The "Dunk of Death" ("le dunk de la mort" in French) refers to a slam dunk by American basketball player Vince Carter during the 2000 Summer Olympics. After a steal, the Carter leapt over French player Frédéric Weis. The dunk is widely considered one of the greatest and most famous of all time.

==Background==
Vince Carter, then a 23-year-old in his second NBA season, was originally passed over the final roster spot on the 2000 United States men's Olympic basketball team in favor of Ray Allen. A month later and seven months before the 2000 Summer Olympics, Carter won the 2000 NBA Slam Dunk contest in what ESPN called one of the most explosive performances in the contest's history. Carter was named to the team in March 2000 as an injury replacement for Tom Gugliotta.

Analysts and players considered the 2000 Summer Olympics as the first in the post-Dream Team era where the international competition was more serious.

==Dunk==
With 16 minutes remaining and the U.S. ahead by 15 points in its game against France on September 25, 2000, Gary Payton missed a contested lay up. French player Yann Bonato grabbed the rebound, but Carter stole the outlet pass.
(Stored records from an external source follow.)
(* Let $0<\alpha<\frac12$, let $k\ge1$ be an integer, and let $z_1,\ldots,z_k$ be independent random variables each uniformly distributed on $[\alpha-\frac12,\frac12-\alpha]$, with mean $\bar z=\frac1k\sum_{i=1}^k z_i$. Then for any $\beta>0$, \[\mathbb{E}\Bigl(\exp\Bigl(-\beta\sum_{i=1}^k (z_i-\bar z)^2\Bigr)\Bigr)\le k^{1/2}\Bigl(\frac{\pi}{(1-2\alpha)^2\beta}\Bigr)^{(k-1)/2}.\] *)

theory Defs
  imports "HOL-Probability.Probability"
begin

end

(* Write S_n(x) for the sum of squared deviations of x_1, ..., x_n from their mean m_n.
   Adding a coordinate gives the update S_(n+1)(x) = S_n(x) + n/(n+1) (x_(n+1) - m_n)^2, so
   integrating exp(-beta S_(n+1)) in x_(n+1) against the uniform density 1/(b-a) leaves
   exp(-beta S_n) times a Gaussian integral over [a,b].  Bounding the latter by the Gaussian
   integral over the whole line, each new coordinate costs at most a factor
   sqrt((n+1)/n) sqrt(pi/beta)/(b-a); the factors telescope to sqrt k (sqrt(pi/beta)/(b-a))^(k-1).
   Independence identifies the expectation with this integral over the product measure. *)
theory Submission
  imports Defs
begin

definition sum_sq_dev :: "nat \<Rightarrow> (nat \<Rightarrow> real) \<Rightarrow> real" where
  "sum_sq_dev n x = (\<Sum>i=1..n. (x i - (\<Sum>j=1..n. x j) / n)\<^sup>2)"

lemma sum_sq_dev_eq: "sum_sq_dev n x = (\<Sum>i=1..n. (x i)\<^sup>2) - (\<Sum>i=1..n. x i)\<^sup>2 / n"
proof -
  define s where "s = (\<Sum>i=1..n. x i)"
  have "sum_sq_dev n x = (\<Sum>i=1..n. (x i)\<^sup>2 - 2 * (s / n) * x i + (s / n)\<^sup>2)"
    unfolding sum_sq_dev_def s_def[symmetric] by (intro sum.cong) (auto simp: power2_diff)
  also have "\<dots> = (\<Sum>i=1..n. (x i)\<^sup>2) - 2 * (s / n) * s + n * (s / n)\<^sup>2"
    by (simp add: sum.distrib sum_subtractf s_def flip: sum_divide_distrib sum_distrib_left)
  also have "\<dots> = (\<Sum>i=1..n. (x i)\<^sup>2) - s\<^sup>2 / n"
    by (cases "n = 0") (simp_all add: field_simps power2_eq_square)
  finally show ?thesis
    by (simp add: s_def)
qed

lemma sum_sq_dev_Suc:
  "sum_sq_dev (Suc n) x
     = sum_sq_dev n x + n / (real n + 1) * (x (Suc n) - (\<Sum>i=1..n. x i) / n)\<^sup>2"
proof (cases "n = 0")
  case True
  then show ?thesis
    by (simp add: sum_sq_dev_def)
next
  case False
  define s where "s = (\<Sum>i=1..n. x i)"
  define q where "q = (\<Sum>i=1..n. (x i)\<^sup>2)"
  have "sum_sq_dev (Suc n) x = q + (x (Suc n))\<^sup>2 - (s + x (Suc n))\<^sup>2 / (real n + 1)"
    by (simp add: sum_sq_dev_eq s_def q_def add.commute)
  also have "\<dots> = q - s\<^sup>2 / n + n / (real n + 1) * (x (Suc n) - s / n)\<^sup>2"
    using False by (simp add: divide_simps power2_eq_square) (simp add: algebra_simps)
  finally show ?thesis
    by (simp add: sum_sq_dev_eq s_def q_def)
qed

lemma sum_sq_dev_cong:
  "(\<And>i. i \<in> {1..n} \<Longrightarrow> x i = y i) \<Longrightarrow> sum_sq_dev n x = sum_sq_dev n y"
  unfolding sum_sq_dev_def by (metis (no_types, lifting) sum.cong)

lemma measurable_sum_sq_dev:
  assumes "sets N = sets borel"
  shows "sum_sq_dev n \<in> borel_measurable (PiM {1..n} (\<lambda>_. N))"
proof -
  have [measurable]: "(\<lambda>x. x i) \<in> borel_measurable (PiM {1..n} (\<lambda>_. N))" if "i \<in> {1..n}" for i
    using measurable_component_singleton[OF that, of "\<lambda>_. N"]
    unfolding measurable_cong_sets[OF refl assms] .
  show ?thesis
    unfolding sum_sq_dev_def by measurable
qed

lemma nn_integral_exp_neg_square:
  fixes c m :: real
  assumes "c > 0"
  shows "(\<integral>\<^sup>+ y. exp (- c * (y - m)\<^sup>2) \<partial>lborel) = sqrt (pi / c)"
proof -
  define \<sigma> where "\<sigma> = sqrt (1 / (2 * c))"
  have \<sigma>: "\<sigma> > 0" "\<sigma>\<^sup>2 = 1 / (2 * c)"
    using assms by (auto simp: \<sigma>_def)
  have density: "exp (- c * (y - m)\<^sup>2) = sqrt (pi / c) * normal_density m \<sigma> y" for y
  proof -
    have "2 * pi * \<sigma>\<^sup>2 = pi / c" "- (y - m)\<^sup>2 / (2 * \<sigma>\<^sup>2) = - c * (y - m)\<^sup>2"
      using \<sigma> assms by (simp_all add: field_simps)
    then show ?thesis
      using assms by (simp add: normal_density_def)
  qed
  have "(\<integral>\<^sup>+ y. exp (- c * (y - m)\<^sup>2) \<partial>lborel)
      = sqrt (pi / c) * (\<integral>\<^sup>+ y. normal_density m \<sigma> y \<partial>lborel)"
    unfolding density using assms by (simp add: ennreal_mult nn_integral_cmult)
  also have "(\<integral>\<^sup>+ y. normal_density m \<sigma> y \<partial>lborel) = 1"
    using \<sigma>(1) by (subst nn_integral_eq_integral) auto
  finally show ?thesis
    by simp
qed

lemma nn_integral_uniform_exp_neg_square_le:
  fixes a b c m :: real
  assumes "c > 0" "a < b"
  shows "(\<integral>\<^sup>+ y. exp (- c * (y - m)\<^sup>2) \<partial>uniform_measure lborel {a..b})
           \<le> sqrt (pi / c) / (b - a)"
proof -
  have "(\<integral>\<^sup>+ y. exp (- c * (y - m)\<^sup>2) \<partial>uniform_measure lborel {a..b})
      = (\<integral>\<^sup>+ y \<in> {a..b}. exp (- c * (y - m)\<^sup>2) \<partial>lborel) / (b - a)"
    using assms by (subst nn_integral_uniform_measure) auto
  also have "\<dots> \<le> (\<integral>\<^sup>+ y. exp (- c * (y - m)\<^sup>2) \<partial>lborel) / (b - a)"
    by (intro divide_right_mono_ennreal nn_integral_mono) (auto simp: indicator_def)
  also have "\<dots> = sqrt (pi / c) / (b - a)"
    unfolding nn_integral_exp_neg_square[OF assms(1)] using assms by (simp add: divide_ennreal)
  finally show ?thesis .
qed

lemma nn_integral_uniform_exp_sum_sq_dev_Suc_le:
  fixes a b \<beta> :: real
  assumes "a < b" "\<beta> > 0" "n \<ge> 1"
  shows "(\<integral>\<^sup>+ y. exp (- \<beta> * sum_sq_dev (Suc n) (x(Suc n := y))) \<partial>uniform_measure lborel {a..b})
           \<le> ennreal (exp (- \<beta> * sum_sq_dev n x))
              * ennreal (sqrt ((real n + 1) / n) * (sqrt (pi / \<beta>) / (b - a)))"
proof -
  define m where "m = (\<Sum>i=1..n. x i) / n"
  define d where "d = n / (real n + 1) * \<beta>"
  have "d > 0"
    using assms by (simp add: d_def)
  have split: "exp (- \<beta> * sum_sq_dev (Suc n) (x(Suc n := y)))
      = exp (- \<beta> * sum_sq_dev n x) * exp (- d * (y - m)\<^sup>2)" for y
  proof -
    have "sum_sq_dev n (x(Suc n := y)) = sum_sq_dev n x"
      "(\<Sum>i=1..n. (x(Suc n := y)) i) = (\<Sum>i=1..n. x i)"
      by (auto intro: sum_sq_dev_cong sum.cong)
    then show ?thesis
      by (simp add: sum_sq_dev_Suc m_def d_def algebra_simps flip: exp_add)
  qed
  have "(\<integral>\<^sup>+ y. exp (- \<beta> * sum_sq_dev (Suc n) (x(Suc n := y))) \<partial>uniform_measure lborel {a..b})
      = exp (- \<beta> * sum_sq_dev n x)
          * (\<integral>\<^sup>+ y. exp (- d * (y - m)\<^sup>2) \<partial>uniform_measure lborel {a..b})"
    unfolding split by (simp add: ennreal_mult nn_integral_cmult)
  also have "\<dots> \<le> exp (- \<beta> * sum_sq_dev n x) * ennreal (sqrt (pi / d) / (b - a))"
    using \<open>d > 0\<close> assms(1) by (intro mult_left_mono nn_integral_uniform_exp_neg_square_le) auto
  also have "sqrt (pi / d) = sqrt ((real n + 1) / n) * sqrt (pi / \<beta>)"
    using assms(2,3) by (simp add: d_def field_simps flip: real_sqrt_mult)
  finally show ?thesis
    by (simp only: times_divide_eq_right)
qed

lemma nn_integral_PiM_Suc:
  assumes "sigma_finite_measure U" "f \<in> borel_measurable (PiM {1..Suc n} (\<lambda>_. U))"
  shows "(\<integral>\<^sup>+ x. f x \<partial>PiM {1..Suc n} (\<lambda>_. U))
           = (\<integral>\<^sup>+ x. (\<integral>\<^sup>+ y. f (x(Suc n := y)) \<partial>U) \<partial>PiM {1..n} (\<lambda>_. U))"
proof -
  interpret product_sigma_finite "\<lambda>_::nat. U"
    using assms(1) by (simp add: product_sigma_finite_def)
  have insert: "{1..Suc n} = insert (Suc n) {1..n}"
    by auto
  show ?thesis
    using assms(2) unfolding insert by (rule product_nn_integral_insert[rotated 2]) auto
qed

lemma nn_integral_PiM_uniform_exp_sum_sq_dev_le:
  fixes a b \<beta> :: real
  assumes "a < b" "\<beta> > 0" "n \<ge> 1"
  shows "(\<integral>\<^sup>+ x. exp (- \<beta> * sum_sq_dev n x) \<partial>PiM {1..n} (\<lambda>_. uniform_measure lborel {a..b}))
           \<le> sqrt n * (sqrt (pi / \<beta>) / (b - a)) ^ (n - 1)"
  using assms(3)
proof (induction n rule: nat_induct_at_least)
  case base
  have "prob_space (PiM {Suc 0} (\<lambda>_. uniform_measure lborel {a..b}))"
    using assms(1) by (intro prob_space_PiM prob_space_uniform_measure) auto
  then show ?case
    by (simp add: sum_sq_dev_def prob_space.emeasure_space_1)
next
  case (Suc n)
  define U where "U = uniform_measure lborel {a..b}"
  define c where "c = sqrt (pi / \<beta>) / (b - a)"
  define K where "K = sqrt ((real n + 1) / n) * c"
  have "c > 0"
    using assms(1,2) by (simp add: c_def)
  have "sets U = sets borel"
    by (simp add: U_def)
  note measurable_sum_sq_dev[OF this, measurable]
  have "sigma_finite_measure U"
    using assms(1) unfolding U_def
    by (intro prob_space_imp_sigma_finite prob_space_uniform_measure) auto
  then have "(\<integral>\<^sup>+ x. exp (- \<beta> * sum_sq_dev (Suc n) x) \<partial>PiM {1..Suc n} (\<lambda>_. U))
      = (\<integral>\<^sup>+ x. (\<integral>\<^sup>+ y. exp (- \<beta> * sum_sq_dev (Suc n) (x(Suc n := y))) \<partial>U)
           \<partial>PiM {1..n} (\<lambda>_. U))"
    by (rule nn_integral_PiM_Suc) measurable
  also have "\<dots> \<le> (\<integral>\<^sup>+ x. exp (- \<beta> * sum_sq_dev n x) * ennreal K \<partial>PiM {1..n} (\<lambda>_. U))"
    unfolding U_def K_def c_def
    by (intro nn_integral_mono nn_integral_uniform_exp_sum_sq_dev_Suc_le assms Suc.hyps)
  also have "\<dots> = (\<integral>\<^sup>+ x. exp (- \<beta> * sum_sq_dev n x) \<partial>PiM {1..n} (\<lambda>_. U)) * ennreal K"
    by (rule nn_integral_multc) measurable
  also have "\<dots> \<le> ennreal (sqrt n * c ^ (n - 1)) * ennreal K"
    using Suc.IH unfolding U_def c_def by (intro mult_right_mono) auto
  also have "\<dots> = ennreal (sqrt (Suc n) * c ^ (Suc n - 1))"
  proof -
    have "sqrt n * c ^ (n - 1) * K = (sqrt n * sqrt ((real n + 1) / n)) * (c ^ (n - 1) * c)"
      unfolding K_def by (simp only: ac_simps)
    also have "sqrt n * sqrt ((real n + 1) / n) = sqrt (Suc n)"
      using Suc.hyps by (simp add: field_simps flip: real_sqrt_mult)
    also have "c ^ (n - 1) * c = c ^ (Suc n - 1)"
      using Suc.hyps by (simp add: power_eq_if)
    finally show ?thesis
      using \<open>c > 0\<close> by (simp add: K_def flip: ennreal_mult)
  qed
  finally show ?case
    by (simp add: U_def c_def)
qed

lemma (in prob_space) nn_integral_indep_vars_eq_PiM:
  assumes "I \<noteq> {}" "\<And>i. i \<in> I \<Longrightarrow> random_variable (N i) (X i)" "indep_vars N X I"
    and "f \<in> borel_measurable (PiM I N)"
  shows "(\<integral>\<^sup>+ \<omega>. f (\<lambda>i\<in>I. X i \<omega>) \<partial>M)
           = (\<integral>\<^sup>+ x. f x \<partial>PiM I (\<lambda>i. distr M (N i) (X i)))"
proof -
  have "(\<lambda>\<omega>. \<lambda>i\<in>I. X i \<omega>) \<in> measurable M (PiM I N)"
    using assms(2) by (rule measurable_restrict)
  with assms(4) have "(\<integral>\<^sup>+ \<omega>. f (\<lambda>i\<in>I. X i \<omega>) \<partial>M)
      = (\<integral>\<^sup>+ x. f x \<partial>distr M (PiM I N) (\<lambda>\<omega>. \<lambda>i\<in>I. X i \<omega>))"
    by (simp add: nn_integral_distr)
  also have "distr M (PiM I N) (\<lambda>\<omega>. \<lambda>i\<in>I. X i \<omega>) = PiM I (\<lambda>i. distr M (N i) (X i))"
    using indep_vars_iff_distr_eq_PiM'[where M'=N, OF assms(1,2)] assms(3) by blast
  finally show ?thesis .
qed

lemma (in prob_space) expectation_exp_sum_sq_dev_uniform_le:
  fixes Z :: "nat \<Rightarrow> 'a \<Rightarrow> real" and a b \<beta> :: real
  assumes "a < b" "\<beta> > 0" "n \<ge> 1"
    and "\<And>i. i \<in> {1..n} \<Longrightarrow> random_variable borel (Z i)"
    and "indep_vars (\<lambda>_. borel) Z {1..n}"
    and "\<And>i. i \<in> {1..n} \<Longrightarrow> distr M borel (Z i) = uniform_measure lborel {a..b}"
  shows "expectation (\<lambda>\<omega>. exp (- \<beta> * sum_sq_dev n (\<lambda>i. Z i \<omega>)))
           \<le> sqrt n * (sqrt (pi / \<beta>) / (b - a)) ^ (n - 1)"
proof -
  define g where "g = (\<lambda>x. exp (- \<beta> * sum_sq_dev n x))"
  define B where "B = sqrt n * (sqrt (pi / \<beta>) / (b - a)) ^ (n - 1)"
  have g: "g \<in> borel_measurable (PiM {1..n} (\<lambda>_. borel))"
    using measurable_sum_sq_dev[of borel n] unfolding g_def by measurable
  have Z: "(\<lambda>\<omega>. \<lambda>i\<in>{1..n}. Z i \<omega>) \<in> measurable M (PiM {1..n} (\<lambda>_. borel))"
    using assms(4) by (rule measurable_restrict)
  have "(\<integral>\<^sup>+ \<omega>. g (\<lambda>i\<in>{1..n}. Z i \<omega>) \<partial>M)
      = (\<integral>\<^sup>+ x. g x \<partial>PiM {1..n} (\<lambda>i. distr M borel (Z i)))"
    using assms(3-5) g by (intro nn_integral_indep_vars_eq_PiM) auto
  also have "PiM {1..n} (\<lambda>i. distr M borel (Z i)) = PiM {1..n} (\<lambda>_. uniform_measure lborel {a..b})"
    using assms(6) by (intro PiM_cong) auto
  also have "(\<integral>\<^sup>+ x. g x \<partial>PiM {1..n} (\<lambda>_. uniform_measure lborel {a..b})) \<le> B"
    unfolding g_def B_def using assms(1-3) by (rule nn_integral_PiM_uniform_exp_sum_sq_dev_le)
  finally have bound: "(\<integral>\<^sup>+ \<omega>. g (\<lambda>i\<in>{1..n}. Z i \<omega>) \<partial>M) \<le> B" .
  have "expectation (\<lambda>\<omega>. g (\<lambda>i\<in>{1..n}. Z i \<omega>))
      = enn2real (\<integral>\<^sup>+ \<omega>. g (\<lambda>i\<in>{1..n}. Z i \<omega>) \<partial>M)"
    using measurable_compose[OF Z g] by (intro integral_eq_nn_integral) (simp_all add: g_def)
  also have "\<dots> \<le> B"
    by (rule enn2real_leI[OF _ bound]) (use assms(1,2) in \<open>simp add: B_def\<close>)
  also have "(\<lambda>\<omega>. g (\<lambda>i\<in>{1..n}. Z i \<omega>))
      = (\<lambda>\<omega>. exp (- \<beta> * sum_sq_dev n (\<lambda>i. Z i \<omega>)))"
    unfolding g_def by (intro ext arg_cong[where f = "\<lambda>s. exp (- \<beta> * s)"] sum_sq_dev_cong) simp
  finally show ?thesis
    by (simp only: B_def)
qed

theorem lemma5:
  fixes M :: "'a measure" and Z :: "nat \<Rightarrow> 'a \<Rightarrow> real"
    and \<alpha> \<beta> :: real and k :: nat
  assumes "prob_space M"
    and "0 < \<alpha>" and "\<alpha> < 1/2"
    and "k \<ge> 1"
    and "\<beta> > 0"
    and "\<And>i. i \<in> {1..k} \<Longrightarrow> Z i \<in> borel_measurable M"
    and "prob_space.indep_vars M (\<lambda>_. borel) Z {1..k}"
    and "\<And>i. i \<in> {1..k} \<Longrightarrow>
           distr M borel (Z i) = uniform_measure lborel {\<alpha> - 1/2 .. 1/2 - \<alpha>}"
  shows "prob_space.expectation M
           (\<lambda>\<omega>. exp (- \<beta> * (\<Sum>i=1..k. (Z i \<omega> - (\<Sum>j=1..k. Z j \<omega>) / real k)\<^sup>2)))
         \<le> sqrt (real k) * (pi / ((1 - 2*\<alpha>)\<^sup>2 * \<beta>)) powr ((real k - 1) / 2)"
proof -
  interpret prob_space M
    by fact
  have "1/2 - \<alpha> - (\<alpha> - 1/2) = 1 - 2*\<alpha>"
    by simp
  note bound = expectation_exp_sum_sq_dev_uniform_le[of "\<alpha> - 1/2" "1/2 - \<alpha>" \<beta> k Z, unfolded this]
  have "expectation (\<lambda>\<omega>. exp (- \<beta> * sum_sq_dev k (\<lambda>i. Z i \<omega>)))
      \<le> sqrt k * (sqrt (pi / \<beta>) / (1 - 2*\<alpha>)) ^ (k - 1)"
    using assms(2-8) by (intro bound) auto
  also have "sqrt (pi / \<beta>) / (1 - 2*\<alpha>) = (pi / ((1 - 2*\<alpha>)\<^sup>2 * \<beta>)) powr (1/2)"
    using assms(2-5) by (simp add: powr_half_sqrt real_sqrt_divide real_sqrt_mult)
  also have "((pi / ((1 - 2*\<alpha>)\<^sup>2 * \<beta>)) powr (1/2)) ^ (k - 1)
      = (pi / ((1 - 2*\<alpha>)\<^sup>2 * \<beta>)) powr ((real k - 1) / 2)"
    using assms(2-5) by (simp add: powr_power of_nat_diff)
  finally show ?thesis
    by (simp only: sum_sq_dev_def)
qed

end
He took two dribbles, then the American, leapt over French center Frédéric Weis and posterized him while slamming the ball into the basket.

A timeout was called shortly after, and Weis was replaced when play resumed. After the game, Weis told reporters that "Everyone will know my face now or my jersey number, at least. It's going to be on a poster, for sure."

==Legacy==
The U.S. won the game 106–94 and the gold medal in the tournament.

The dunk is widely considered one of the greatest and most famous of all time, dubbed the "Dunk of Death" ("Le Dunk de la mort" in French).

Weis, who was drafted by the New York Knicks in the first round of the 1999 NBA draft, never played in the NBA after an injury-plagued basketball career. On the 15th anniversary of the dunk, Weis said that Carter "deserves to make history. Sadly for me, I was on the video, too. I learned people can fly."